Given data →
lemma comparable_powr_inverse:
  assumes "comparable_powr f a"
  shows "comparable_powr (\<lambda>x. inverse (f x)) (- a)"
proof -
  obtain C where C: "C > 0"
    "\<And>x. inverse C * (1 + x^2) powr a \<le> f x" "\<And>x. f x \<le> C * (1 + x^2) powr a"
    using assms unfolding comparable_powr_def by blast
  show ?thesis
    unfolding comparable_powr_def
  proof (intro exI[of _ C] conjI allI)
    fix x
    have w: "(1 + x^2) powr a > 0" "(1 + x^2) powr (- a) = inverse ((1 + x^2) powr a)"
      by (simp_all add: powr_minus)
    have "inverse C * (1 + x^2) powr a > 0"
      using C(1) w by simp
    then show "inverse (f x) \<le> C * (1 + x^2) powr (- a)"
      using le_imp_inverse_le[OF C(2)] C(1) w by (simp add: mult.commute)
    show "inverse C * (1 + x^2) powr (- a) \<le> inverse (f x)"
      using le_imp_inverse_le[OF C(3) comparable_powr_pos[OF assms]] w by (simp add: mult.commute)
  qed (use C in simp)
qed

lemma comparable_powr_sqrt:
  assumes "comparable_powr f a"
  shows "comparable_powr (\<lambda>x. sqrt (f x)) (a / 2)"
proof -
  obtain C where C: "C > 0"
    "\<And>x. inverse C * (1 + x^2) powr a \<le> f x" "\<And>x. f x \<le> C * (1 + x^2) powr a"
    using assms unfolding comparable_powr_def by blast
  show ?thesis
    unfolding comparable_powr_def
  proof (intro exI[of _ "sqrt C"] conjI allI)
    fix x
    have w: "sqrt ((1 + x^2) powr a) = (1 + x^2) powr (a / 2)"
      by (simp add: powr_half_sqrt[symmetric] powr_powr)
    have "inverse (sqrt C) * (1 + x^2) powr (a / 2) = sqrt (inverse C * (1 + x^2) powr a)"
      by (simp add: real_sqrt_mult real_sqrt_inverse w)
    also have "\<dots> \<le> sqrt (f x)"
      using C(2)[of x] by simp
    finally show "inverse (sqrt C) * (1 + x^2) powr (a / 2) \<le> sqrt (f x)" .
    have "sqrt (f x) \<le> sqrt (C * (1 + x^2) powr a)"
      using C(3)[of x] by simp
    also have "\<dots> = sqrt C * (1 + x^2) powr (a / 2)"
      by (simp add: real_sqrt_mult w)
    finally show "sqrt (f x) \<le> sqrt C * (1 + x^2) powr (a / 2)" .
  qed (use C in simp)
qed

lemma comparable_powr_add_square:
  fixes d :: real
  assumes "d \<noteq> 0"
  shows "comparable_powr (\<lambda>y. d^2 + y^2) 1"
proof (rule comparable_powr_within_factor[OF comparable_powr_weight])
  define D where "D = 1 + d^2 + inverse (d^2)"
  have D: "1 \<le> D" "d^2 \<le> D" "inverse (d^2) \<le> D"
    unfolding D_def by simp_all
  have "inverse D \<le> 1"
    using le_imp_inverse_le[OF D(1)] by simp
  have "inverse D \<le> d^2"
    using le_imp_inverse_le[OF D(3)] assms by simp
  show "D > 0" using D by simp
  fix y :: real
  show "inverse D * (1 + y^2) powr 1 \<le> d^2 + y^2"
    using \<open>inverse D \<le> d^2\<close> mult_right_mono[OF \<open>inverse D \<le> 1\<close>, of "y^2"]
    by (simp add: distrib_left)
  show "d^2 + y^2 \<le> D * (1 + y^2) powr 1"
    using D mult_right_mono[OF \<open>1 \<le> D\<close>, of "y^2"] by (simp add: distrib_left)
qed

To do → Having gone through the data above, repeat it exactly.

Task response →
lemma comparable_powr_inverse:
  assumes "comparable_powr f a"
  shows "comparable_powr (\<lambda>x. inverse (f x)) (- a)"
proof -
  obtain C where C: "C > 0"
    "\<And>x. inverse C * (1 + x^2) powr a \<le> f x" "\<And>x. f x \<le> C * (1 + x^2) powr a"
    using assms unfolding comparable_powr_def by blast
  show ?thesis
    unfolding comparable_powr_def
  proof (intro exI[of _ C] conjI allI)
    fix x
    have w: "(1 + x^2) powr a > 0" "(1 + x^2) powr (- a) = inverse ((1 + x^2) powr a)"
      by (simp_all add: powr_minus)
    have "inverse C * (1 + x^2) powr a > 0"
      using C(1) w by simp
    then show "inverse (f x) \<le> C * (1 + x^2) powr (- a)"
      using le_imp_inverse_le[OF C(2)] C(1) w by (simp add: mult.commute)
    show "inverse C * (1 + x^2) powr (- a) \<le> inverse (f x)"
      using le_imp_inverse_le[OF C(3) comparable_powr_pos[OF assms]] w by (simp add: mult.commute)
  qed (use C in simp)
qed

lemma comparable_powr_sqrt:
  assumes "comparable_powr f a"
  shows "comparable_powr (\<lambda>x. sqrt (f x)) (a / 2)"
proof -
  obtain C where C: "C > 0"
    "\<And>x. inverse C * (1 + x^2) powr a \<le> f x" "\<And>x. f x \<le> C * (1 + x^2) powr a"
    using assms unfolding comparable_powr_def by blast
  show ?thesis
    unfolding comparable_powr_def
  proof (intro exI[of _ "sqrt C"] conjI allI)
    fix x
    have w: "sqrt ((1 + x^2) powr a) = (1 + x^2) powr (a / 2)"
      by (simp add: powr_half_sqrt[symmetric] powr_powr)
    have "inverse (sqrt C) * (1 + x^2) powr (a / 2) = sqrt (inverse C * (1 + x^2) powr a)"
      by (simp add: real_sqrt_mult real_sqrt_inverse w)
    also have "\<dots> \<le> sqrt (f x)"
      using C(2)[of x] by simp
    finally show "inverse (sqrt C) * (1 + x^2) powr (a / 2) \<le> sqrt (f x)" .
    have "sqrt (f x) \<le> sqrt (C * (1 + x^2) powr a)"
      using C(3)[of x] by simp
    also have "\<dots> = sqrt C * (1 + x^2) powr (a / 2)"
      by (simp add: real_sqrt_mult w)
    finally show "sqrt (f x) \<le> sqrt C * (1 + x^2) powr (a / 2)" .
  qed (use C in simp)
qed

lemma comparable_powr_add_square:
  fixes d :: real
  assumes "d \<noteq> 0"
  shows "comparable_powr (\<lambda>y. d^2 + y^2) 1"
proof (rule comparable_powr_within_factor[OF comparable_powr_weight])
  define D where "D = 1 + d^2 + inverse (d^2)"
  have D: "1 \<le> D" "d^2 \<le> D" "inverse (d^2) \<le> D"
    unfolding D_def by simp_all
  have "inverse D \<le> 1"
    using le_imp_inverse_le[OF D(1)] by simp
  have "inverse D \<le> d^2"
    using le_imp_inverse_le[OF D(3)] assms by simp
  show "D > 0" using D by simp
  fix y :: real
  show "inverse D * (1 + y^2) powr 1 \<le> d^2 + y^2"
    using \<open>inverse D \<le> d^2\<close> mult_right_mono[OF \<open>inverse D \<le> 1\<close>, of "y^2"]
    by (simp add: distrib_left)
  show "d^2 + y^2 \<le> D * (1 + y^2) powr 1"
    using D mult_right_mono[OF \<open>1 \<le> D\<close>, of "y^2"] by (simp add: distrib_left)
qed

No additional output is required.